We’re reached a point where one of the a larger hidden assumptions of enterprise applications has been exposed. Each application was designed to live and operate within a single organisation. This organisation might be a company, or it might be a country, or it might be some combination of the two. The application you select to manage your data determines the political boundary it lives within. If you use any U.S. SaaS or cloud solution provider to manage your data, then your data falls under U.S. judicial discovery laws, irregardless of where you yourself are located. If your data transits through the U.S., then assume that the U.S. government has a copy. The world might be flat, but where you store your assets and where you send them still matters.

Country-specific regulations governing privacy and data protection vary greatly.
Global data protection heat map (via Forrester)
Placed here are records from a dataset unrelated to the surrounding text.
lemma walk_to_path:
  assumes "xs \<noteq> []"
  shows "\<exists>ys. ys \<noteq> [] \<and> distinct ys \<and> hd ys = hd xs \<and> last ys = last xs \<and>
    set ys \<subseteq> set xs \<and> path_edges ys \<subseteq> path_edges xs"
  using assms
proof (induction xs)
  case (Cons x xs)
  show ?case
  proof (cases "xs = []")
    case True
    then show ?thesis by (intro exI[of _ "[x]"]) simp
  next
    case xs_nonempty: False
    then obtain ys where ys: "ys \<noteq> []" "distinct ys" "hd ys = hd xs" "last ys = last xs"
      "set ys \<subseteq> set xs" "path_edges ys \<subseteq> path_edges xs"
      using Cons.IH by blast
    have edges: "path_edges (x # xs) = insert {x, hd xs} (path_edges xs)"
      using xs_nonempty by (rule path_edges_Cons)
    show ?thesis
    proof (cases "x \<in> set ys")
      case True
      \<comment> \<open>the walk returns to \<open>x\<close>: cut off the loop\<close>
      then obtain us vs where ys_split: "ys = us @ x # vs" by (meson split_list)
      have "path_edges (x # vs) \<subseteq> path_edges (x # xs)"
        using ys(6) path_edges_append[of us x vs] unfolding ys_split edges by blast
      moreover have "distinct (x # vs)" using ys(2) ys_split by simp
      moreover have "last (x # vs) = last (x # xs)" using ys(4) ys_split xs_nonempty by simp
      moreover have "set (x # vs) \<subseteq> set (x # xs)" using ys(5) ys_split by auto
      ultimately show ?thesis by (intro exI[of _ "x # vs"]) simp
    next
      case False
      have "path_edges (x # ys) \<subseteq> path_edges (x # xs)"
        using ys(1,3,6) edges by (auto simp: path_edges_Cons)
      with False ys xs_nonempty show ?thesis by (intro exI[of _ "x # ys"]) auto
    qed
  qed
qed simp

lemma is_path_iff: "is_path V E P \<longleftrightarrow> P \<noteq> [] \<and> distinct P \<and> set P \<subseteq> V \<and> path_edges P \<subseteq> E"
  unfolding is_path_def consecutive_edges_iff_path_edges by (rule refl)

lemma path_between_iff:
  "path_between V E x y P \<longleftrightarrow>
     P \<noteq> [] \<and> distinct P \<and> set P \<subseteq> V \<and> path_edges P \<subseteq> E \<and> hd P = x \<and> last P = y"
  unfolding path_between_def is_path_iff by blast

lemma path_edges_nonempty: "path_between V E x y P \<Longrightarrow> x \<noteq> y \<Longrightarrow> path_edges P \<noteq> {}"
  unfolding path_between_iff by (cases P rule: path_edges.cases) auto

lemma path_between_rev: "path_between V E x y P \<Longrightarrow> path_between V E y x (rev P)"
  unfolding path_between_iff by (auto simp: path_edges_rev hd_rev last_rev)

lemma path_between_mono:
  "path_between V E x y P \<Longrightarrow> V \<subseteq> V' \<Longrightarrow> E \<subseteq> E' \<Longrightarrow> path_between V' E' x y P"
  unfolding path_between_iff by auto

lemma is_cycle_mono: "is_cycle V E C \<Longrightarrow> V \<subseteq> V' \<Longrightarrow> E \<subseteq> E' \<Longrightarrow> is_cycle V' E' C"
  unfolding is_cycle_def is_path_iff by auto

definition reachable :: "'a set \<Rightarrow> 'a set set \<Rightarrow> 'a \<Rightarrow> 'a \<Rightarrow> bool" where
  "reachable V E x y \<longleftrightarrow>
     (\<exists>W. W \<noteq> [] \<and> hd W = x \<and> last W = y \<and> set W \<subseteq> V \<and> path_edges W \<subseteq> E)"

lemma path_between_imp_reachable: "path_between V E x y P \<Longrightarrow> reachable V E x y"
  unfolding reachable_def path_between_iff by blast

lemma reachable_sym: "reachable V E x y \<Longrightarrow> reachable V E y x"
  unfolding reachable_def by (metis hd_rev last_rev path_edges_rev rev_is_Nil_conv set_rev)

lemma reachable_trans:
  assumes "reachable V E x y" "reachable V E y z"
  shows "reachable V E x z"
proof -
  obtain W1 W2 where W: "W1 \<noteq> []" "hd W1 = x" "last W1 = y" "set W1 \<subseteq> V" "path_edges W1 \<subseteq> E"
    "W2 \<noteq> []" "hd W2 = y" "last W2 = z" "set W2 \<subseteq> V" "path_edges W2 \<subseteq> E"
    using assms unfolding reachable_def by blast
  then have "path_edges (W1 @ tl W2) \<subseteq> E" by (simp add: path_edges_join)
  moreover have "set (W1 @ tl W2) \<subseteq> V" using W by (cases W2) auto
  moreover have "last (W1 @ tl W2) = z" using W by (cases W2) auto
  moreover have "W1 @ tl W2 \<noteq> []" "hd (W1 @ tl W2) = x" using W by simp_all
  ultimately show ?thesis unfolding reachable_def by blast
qed

lemma reachable_imp_path:
  assumes "reachable V E x y"
  obtains P where "path_between V E x y P"
proof -
  obtain W where W: "W \<noteq> []" "hd W = x" "last W = y" "set W \<subseteq> V" "path_edges W \<subseteq> E"
    using assms unfolding reachable_def by blast
  obtain P where "P \<noteq> []" "distinct P" "hd P = hd W" "last P = last W"
    "set P \<subseteq> set W" "path_edges P \<subseteq> path_edges W"
    using walk_to_path[OF W(1)] by blast
  with W have "path_between V E x y P" unfolding path_between_iff by auto
  then show ?thesis by (rule that)
qed

lemma path_between_Cons:
  "P \<noteq> [] \<Longrightarrow> path_between V E x y (x # P) \<longleftrightarrow>
     x \<in> V \<and> x \<notin> set P \<and> {x, hd P} \<in> E \<and> path_between V E (hd P) y P"
  unfolding path_between_iff by (auto simp: path_edges_Cons)

lemma path_between_self: "path_between V E x x P \<Longrightarrow> P = [x]"
  unfolding path_between_iff by (cases P) (auto split: if_splits dest: last_in_set)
We can already see some moves by the vendors to address this problem. Microsoft, for example, has developed a dedicated cloud for the U.S. government, known as BPOS Federal, which is designed to meet the government’s stringent security and privacy standards. Amazon has also taken a portion of the cloud it runs and dedicated it to, and located it in, the EU, for similar reasons.
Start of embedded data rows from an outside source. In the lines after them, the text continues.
(* For every type $\tau\in\mathbb{T}_C$, the type $\bigcap\mathbb{P}(\tau)$ is organized and $\bigcap\mathbb{P}(\tau)=\tau$.
   Context: Types $\mathbb{T}_C\ni\tau ::= a\mid\alpha\mid\omega\mid\tau_1\to\tau_2\mid\tau_1\cap\tau_2\mid c(\tau)$ ($a$ constants, $\alpha$ type variables, $c$ unary constructors). Subtyping $\le$: least preorder with $\sigma\le\omega$; $\omega\le\omega\to\omega$; $\sigma\cap\tau\le\sigma$; $\sigma\cap\tau\le\tau$; $\sigma\le\tau_1,\sigma\le\tau_2\Rightarrow\sigma\le\tau_1\cap\tau_2$; $(\sigma\to\tau_1)\cap(\sigma\to\tau_2)\le\sigma\to\tau_1\cap\tau_2$; $\sigma_2\le\sigma_1,\tau_1\le\tau_2\Rightarrow\sigma_1\to\tau_1\le\sigma_2\to\tau_2$; $\tau_1\le\tau_2\Rightarrow c(\tau_1)\le c(\tau_2)$; $c(\tau_1)\cap c(\tau_2)\le c(\tau_1\cap\tau_2)$; $=$ means $\le$ in both directions. Paths: $\pi ::= a\mid\alpha\mid\sigma\to\pi\mid c(\omega)\mid c(\pi)$. $\mathbb{P}(a)=\{a\}$, $\mathbb{P}(\alpha)=\{\alpha\}$, $\mathbb{P}(\omega)=\emptyset$, $\mathbb{P}(\sigma\to\tau)=\{\sigma\to\pi\mid\pi\in\mathbb{P}(\tau)\}$, $\mathbb{P}(\sigma\cap\tau)=\mathbb{P}(\sigma)\cup\mathbb{P}(\tau)$, $\mathbb{P}(c(\tau))=\{c(\omega)\}$ if $\mathbb{P}(\tau)=\emptyset$, else $\{c(\pi)\mid\pi\in\mathbb{P}(\tau)\}$. A type is organized if it is of the form $\bigcap_{i\in I}\pi_i$ with all $\pi_i$ paths. $\bigcap\mathbb{P}(\tau)$ denotes $\pi_1\cap\cdots\cap\pi_n$ where $\mathbb{P}(\tau)=\{\pi_1,\ldots,\pi_n\}$, and $\omega$ if $\mathbb{P}(\tau)=\emptyset$. *)

theory Defs
  imports Main
begin

datatype ('a, 'v, 'c) ty =
    Const 'a
  | TVar 'v
  | Omega
  | Arr "('a, 'v, 'c) ty" "('a, 'v, 'c) ty"
  | Inter "('a, 'v, 'c) ty" "('a, 'v, 'c) ty"
  | Ctor 'c "('a, 'v, 'c) ty"

inductive sub :: "('a, 'v, 'c) ty \<Rightarrow> ('a, 'v, 'c) ty \<Rightarrow> bool" (infix "\<le>\<^sub>T" 50) where
  sub_refl: "s \<le>\<^sub>T s"
| sub_trans: "s \<le>\<^sub>T t \<Longrightarrow> t \<le>\<^sub>T u \<Longrightarrow> s \<le>\<^sub>T u"
| sub_omega: "s \<le>\<^sub>T Omega"
| sub_omega_arr: "Omega \<le>\<^sub>T Arr Omega Omega"
| sub_inter1: "Inter s t \<le>\<^sub>T s"
| sub_inter2: "Inter s t \<le>\<^sub>T t"
| sub_glb: "s \<le>\<^sub>T t1 \<Longrightarrow> s \<le>\<^sub>T t2 \<Longrightarrow> s \<le>\<^sub>T Inter t1 t2"
| sub_arr_dist: "Inter (Arr s t1) (Arr s t2) \<le>\<^sub>T Arr s (Inter t1 t2)"
| sub_arr: "s2 \<le>\<^sub>T s1 \<Longrightarrow> t1 \<le>\<^sub>T t2 \<Longrightarrow> Arr s1 t1 \<le>\<^sub>T Arr s2 t2"
| sub_ctor: "t1 \<le>\<^sub>T t2 \<Longrightarrow> Ctor c t1 \<le>\<^sub>T Ctor c t2"
| sub_ctor_dist: "Inter (Ctor c t1) (Ctor c t2) \<le>\<^sub>T Ctor c (Inter t1 t2)"

definition ty_eq :: "('a, 'v, 'c) ty \<Rightarrow> ('a, 'v, 'c) ty \<Rightarrow> bool" (infix "=\<^sub>T" 50) where
  "s =\<^sub>T t \<longleftrightarrow> s \<le>\<^sub>T t \<and> t \<le>\<^sub>T s"

inductive is_path :: "('a, 'v, 'c) ty \<Rightarrow> bool" where
  path_const: "is_path (Const a)"
| path_var: "is_path (TVar v)"
| path_arr: "is_path p \<Longrightarrow> is_path (Arr s p)"
| path_ctor_omega: "is_path (Ctor c Omega)"
| path_ctor: "is_path p \<Longrightarrow> is_path (Ctor c p)"

fun paths :: "('a, 'v, 'c) ty \<Rightarrow> ('a, 'v, 'c) ty set" where
  "paths (Const a) = {Const a}"
| "paths (TVar v) = {TVar v}"
| "paths Omega = {}"
| "paths (Arr s t) = Arr s ` paths t"
| "paths (Inter s t) = paths s \<union> paths t"
| "paths (Ctor c t) = (if paths t = {} then {Ctor c Omega} else Ctor c ` paths t)"

fun inter_list :: "('a, 'v, 'c) ty list \<Rightarrow> ('a, 'v, 'c) ty" where
  "inter_list [] = Omega"
| "inter_list [p] = p"
| "inter_list (p # ps) = Inter p (inter_list ps)"

definition organized :: "('a, 'v, 'c) ty \<Rightarrow> bool" where
  "organized t \<longleftrightarrow> (\<exists>ps. (\<forall>p\<in>set ps. is_path p) \<and> t = inter_list ps)"

text \<open>\<Inter>P(t): the intersection of an (arbitrary fixed) enumeration of paths t.\<close>
definition cap_paths :: "('a, 'v, 'c) ty \<Rightarrow> ('a, 'v, 'c) ty" where
  "cap_paths t = inter_list (SOME ps. distinct ps \<and> set ps = paths t)"

end

theory Submission
  imports Defs
begin

text \<open>Every type lies below each of its paths. Conversely, by induction on \<open>t\<close>, any type below
  all paths of \<open>t\<close> lies below \<open>t\<close>: the arrow and constructor cases use that \<open>\<sigma> \<rightarrow> _\<close> and
  \<open>c(_)\<close> distribute over intersections, and a constructor with no paths underneath only needs
  \<open>c(\<omega>) \<le> c(\<tau>)\<close> for path-free \<open>\<tau>\<close>. Applied to the intersection of the paths this gives both
  inequalities, and organization is immediate since \<open>\<P>(\<tau>)\<close> consists of paths.\<close>

declare sub_trans [trans]

lemma finite_paths: "finite (paths t)"
  by (induction t) auto

lemma is_path_paths: "p \<in> paths t \<Longrightarrow> is_path p"
  by (induction t arbitrary: p) (auto intro: is_path.intros split: if_splits)

lemma inter_list_le: "p \<in> set ps \<Longrightarrow> inter_list ps \<le>\<^sub>T p"
  by (induction ps rule: inter_list.induct) (auto intro: sub.intros)

lemma le_inter_list: "(\<And>p. p \<in> set ps \<Longrightarrow> s \<le>\<^sub>T p) \<Longrightarrow> s \<le>\<^sub>T inter_list ps"
  by (induction ps rule: inter_list.induct) (auto intro: sub.intros)

lemma le_Arr_inter_list:
  "(\<And>p. p \<in> set ps \<Longrightarrow> s \<le>\<^sub>T Arr a p) \<Longrightarrow> s \<le>\<^sub>T Arr a (inter_list ps)"
proof (induction ps rule: inter_list.induct)
  case 1
  have "s \<le>\<^sub>T Omega" by (rule sub_omega)
  also have "Omega \<le>\<^sub>T Arr Omega Omega" by (rule sub_omega_arr)
  also have "Arr Omega Omega \<le>\<^sub>T Arr a Omega" by (intro sub_arr sub_omega sub_refl)
  finally show ?case by simp
next
  case (3 p q ps)
  then have "s \<le>\<^sub>T Inter (Arr a p) (Arr a (inter_list (q # ps)))"
    by (auto intro: sub_glb)
  then show ?case by (auto intro: sub_trans sub_arr_dist)
qed auto

lemma le_Ctor_inter_list:
  "ps \<noteq> [] \<Longrightarrow> (\<And>p. p \<in> set ps \<Longrightarrow> s \<le>\<^sub>T Ctor c p) \<Longrightarrow> s \<le>\<^sub>T Ctor c (inter_list ps)"
proof (induction ps rule: inter_list.induct)
  case (3 p q ps)
  then have "s \<le>\<^sub>T Inter (Ctor c p) (Ctor c (inter_list (q # ps)))"
    by (auto intro: sub_glb)
  then show ?case by (auto intro: sub_trans sub_ctor_dist)
qed auto

lemma le_paths: "p \<in> paths t \<Longrightarrow> t \<le>\<^sub>T p"
  by (induction t arbitrary: p) (auto intro: sub.intros split: if_splits)

lemma le_if_le_paths: "(\<And>p. p \<in> paths t \<Longrightarrow> s \<le>\<^sub>T p) \<Longrightarrow> s \<le>\<^sub>T t"
proof (induction t arbitrary: s)
  case (Arr a t)
  obtain ps where ps: "set ps = paths t"
    using finite_list[OF finite_paths] by blast
  have "s \<le>\<^sub>T Arr a (inter_list ps)"
    using Arr.prems ps by (intro le_Arr_inter_list) auto
  moreover have "inter_list ps \<le>\<^sub>T t"
    using Arr.IH ps inter_list_le by blast
  ultimately show ?case by (meson sub_arr sub_refl sub_trans)
next
  case (Ctor c t)
  show ?case
  proof (cases "paths t = {}")
    case True
    then have "s \<le>\<^sub>T Ctor c Omega" using Ctor.prems by simp
    moreover have "Omega \<le>\<^sub>T t" using Ctor.IH True by blast
    ultimately show ?thesis by (meson sub_ctor sub_trans)
  next
    case False
    obtain ps where ps: "set ps = paths t"
      using finite_list[OF finite_paths] by blast
    have "s \<le>\<^sub>T Ctor c (inter_list ps)"
      using Ctor.prems ps False by (intro le_Ctor_inter_list) auto
    moreover have "inter_list ps \<le>\<^sub>T t"
      using Ctor.IH ps inter_list_le by blast
    ultimately show ?thesis by (meson sub_ctor sub_trans)
  qed
qed (auto intro: sub.intros)

lemma cap_paths_eq_inter_list: "\<exists>ps. set ps = paths t \<and> cap_paths t = inter_list ps"
proof -
  have "\<exists>ps. distinct ps \<and> set ps = paths t"
    using finite_distinct_list[OF finite_paths] by blast
  then have "set (SOME ps. distinct ps \<and> set ps = paths t) = paths t"
    by (metis (mono_tags, lifting) someI_ex)
  then show ?thesis unfolding cap_paths_def by blast
qed

theorem lemma4p8:
  fixes t :: "('a, 'v, 'c) ty"
  shows "organized (cap_paths t) \<and> cap_paths t =\<^sub>T t"
proof -
  obtain ps where ps: "set ps = paths t" and cap: "cap_paths t = inter_list ps"
    using cap_paths_eq_inter_list by blast
  have "organized (inter_list ps)"
    unfolding organized_def using ps is_path_paths by blast
  moreover have "inter_list ps \<le>\<^sub>T t"
    using le_if_le_paths ps inter_list_le by blast
  moreover have "t \<le>\<^sub>T inter_list ps"
    using le_inter_list le_paths ps by blast
  ultimately show ?thesis unfolding cap ty_eq_def by blast
qed

end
If we consider enterprise applications to be asset management tools rather than productivity tools, then ideas like private clouds start to make a lot of sense. Cloud technology reifies a lot of the knowledge required to configure and manage a virtualised environment in software, eliminating the data centre voodoo and empowering the development teams to manage the solutions themselves. This makes cloud technology simply a better asset management tool, but we need to freedom to locate the data (and therefore the application) where it makes the most sense from an asset management point of view. Sometimes this might imply a large, location agnostic, public cloud. Other times it might require a much smaller private cloud located within a specific political boundary. (And the need to prevent some data even transiting through a few specific geographies – requiring us to move the code to the data, rather than the data to the code – might be the killer application that mobile agents have been waiting for.)
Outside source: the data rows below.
lemma completion_agree_on_chain:
  fixes x y :: "int poly \<Rightarrow> 'a::ab_group_add poly set"
  assumes x: "x \<in> completion S" and y: "y \<in> completion S" and "0 \<notin> S"
    and nontrivial: "(UNIV :: 'a set) \<noteq> {0}"
  shows "agree_on x y U \<Longrightarrow> U \<subseteq> S \<Longrightarrow> set ns \<subseteq> S \<Longrightarrow> ns \<noteq> [] \<Longrightarrow> hd ns \<in> U \<Longrightarrow>
    \<forall>i. Suc i < length ns \<longrightarrow> equiv_A TYPE('a) (ns ! i) (ns ! Suc i) \<Longrightarrow>
    agree_on x y (U \<union> set ns)"
proof (induction ns arbitrary: U)
  case Nil
  then show ?case
    by simp
next
  case (Cons n ns)
  show ?case
  proof (cases ns)
    case Nil
    with Cons.prems show ?thesis
      by (simp add: insert_absorb)
  next
    case (Cons m ms)
    have "n \<in> U" "m \<in> S" "n \<in> S"
      using Cons.prems \<open>ns = m # ms\<close> by auto
    moreover have "equiv_A TYPE('a) n m"
      using Cons.prems(6) \<open>ns = m # ms\<close> by force
    moreover have "m \<noteq> n \<Longrightarrow> \<exists>p. padic_separated TYPE('a) p \<and>
        nilpotent_mod (of_nat p) (cyclotomic m) (cyclotomic n)"
      using equiv_A_imp_nilpotent_mod_cyclotomic \<open>0 \<notin> S\<close> \<open>m \<in> S\<close> \<open>n \<in> S\<close> nontrivial
        \<open>equiv_A TYPE('a) n m\<close> by (metis gr0I)
    ultimately have "agree_on x y (insert m U)"
      using completion_agree_on_insert[OF x y \<open>0 \<notin> S\<close> \<open>U \<subseteq> S\<close>] Cons.prems(1)
      by (cases "m = n") (auto simp: insert_absorb)
    moreover have "\<forall>i. Suc i < length ns \<longrightarrow> equiv_A TYPE('a) (ns ! i) (ns ! Suc i)"
      using Cons.prems(6) by auto
    ultimately have "agree_on x y (insert m U \<union> set ns)"
      using Cons.IH[of "insert m U"] Cons.prems(2,3) \<open>ns = m # ms\<close> by simp
    then show ?thesis
      using \<open>n \<in> U\<close> \<open>ns = m # ms\<close> by (simp add: insert_absorb)
  qed
qed

lemma agree_on_if_finite_subsets:
  assumes "\<And>F. finite F \<Longrightarrow> F \<subseteq> S \<Longrightarrow> \<exists>U. F \<subseteq> U \<and> agree_on x y U"
  shows "agree_on x y S"
  unfolding agree_on_def
proof
  fix f
  assume "f \<in> cyc_mon S"
  then obtain M where M: "f = prod_mset (image_mset cyclotomic M)" "set_mset M \<subseteq> S"
    unfolding cyc_mon_def by blast
  then obtain U where "set_mset M \<subseteq> U" "agree_on x y U"
    using assms[of "set_mset M"] by auto
  moreover have "f \<in> cyc_mon U"
    using M(1) \<open>set_mset M \<subseteq> U\<close> unfolding cyc_mon_def by blast
  ultimately show "x f = y f"
    unfolding agree_on_def by blast
qed

lemma completion_agree_on_connected:
  fixes x y :: "int poly \<Rightarrow> 'a::ab_group_add poly set"
  assumes x: "x \<in> completion S" and y: "y \<in> completion S" and "0 \<notin> S" and "S' \<subseteq> S"
    and nontrivial: "(UNIV :: 'a set) \<noteq> {0}"
    and chains: "\<forall>n\<in>S. \<exists>ns :: nat list. ns \<noteq> [] \<and> hd ns \<in> S' \<and> last ns = n \<and> set ns \<subseteq> S \<and>
           (\<forall>i. Suc i < length ns \<longrightarrow> equiv_A TYPE('a) (ns ! i) (ns ! Suc i))"
    and agree: "agree_on x y S'"
  shows "agree_on x y S"
proof (rule agree_on_if_finite_subsets)
  fix F
  assume "finite F" "F \<subseteq> S"
  then have "\<exists>U. S' \<subseteq> U \<and> U \<subseteq> S \<and> F \<subseteq> U \<and> agree_on x y U"
  proof (induction F rule: finite_induct)
    case empty
    then show ?case
      using \<open>S' \<subseteq> S\<close> agree by blast
  next
    case (insert n F)
    then obtain U where U: "S' \<subseteq> U" "U \<subseteq> S" "F \<subseteq> U" "agree_on x y U"
      by auto
    obtain ns where ns: "ns \<noteq> []" "hd ns \<in> S'" "last ns = n" "set ns \<subseteq> S"
      "\<forall>i. Suc i < length ns \<longrightarrow> equiv_A TYPE('a) (ns ! i) (ns ! Suc i)"
      using chains insert.prems by auto
    have "agree_on x y (U \<union> set ns)"
      using completion_agree_on_chain[OF x y \<open>0 \<notin> S\<close> nontrivial U(4) U(2) ns(4,1) _ ns(5)]
        ns(2) U(1) by blast
    moreover have "n \<in> set ns"
      using ns(1,3) last_in_set by metis
    then have "S' \<subseteq> U \<union> set ns" "U \<union> set ns \<subseteq> S" "insert n F \<subseteq> U \<union> set ns"
      using U ns(4) by auto
    ultimately show ?case
      by blast
  qed
  then show "\<exists>U. F \<subseteq> U \<and> agree_on x y U"
    by blast
qed

lemma completion_agree_on_trivial:
  fixes x y :: "int poly \<Rightarrow> 'a::ab_group_add poly set"
  assumes "(UNIV :: 'a set) = {0}" "x \<in> completion S" "y \<in> completion S"
  shows "agree_on x y S"
proof -
  have "(r :: 'a poly) = s" for r s
    using assms(1) by (metis (full_types) UNIV_I poly_eqI singletonD)
  then show ?thesis
    using assms(2,3) completion_coset unfolding agree_on_def by (metis (full_types))
qed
What we really need are meta-clouds: clouds created by aggregating a number of different clouds, just as the Internet is a network of separate networks. While the clouds would all be technically similar, each would be located in a different political geography. This might be inside vs. outside the organisation, or in different states, or even different countries. The data would be stored and maintained where it made the most sense from an asset management point of view, with few technical considerations, the meta-cloud providing a consistent approach to locating and moving our assets within and across individual clouds as we see fit.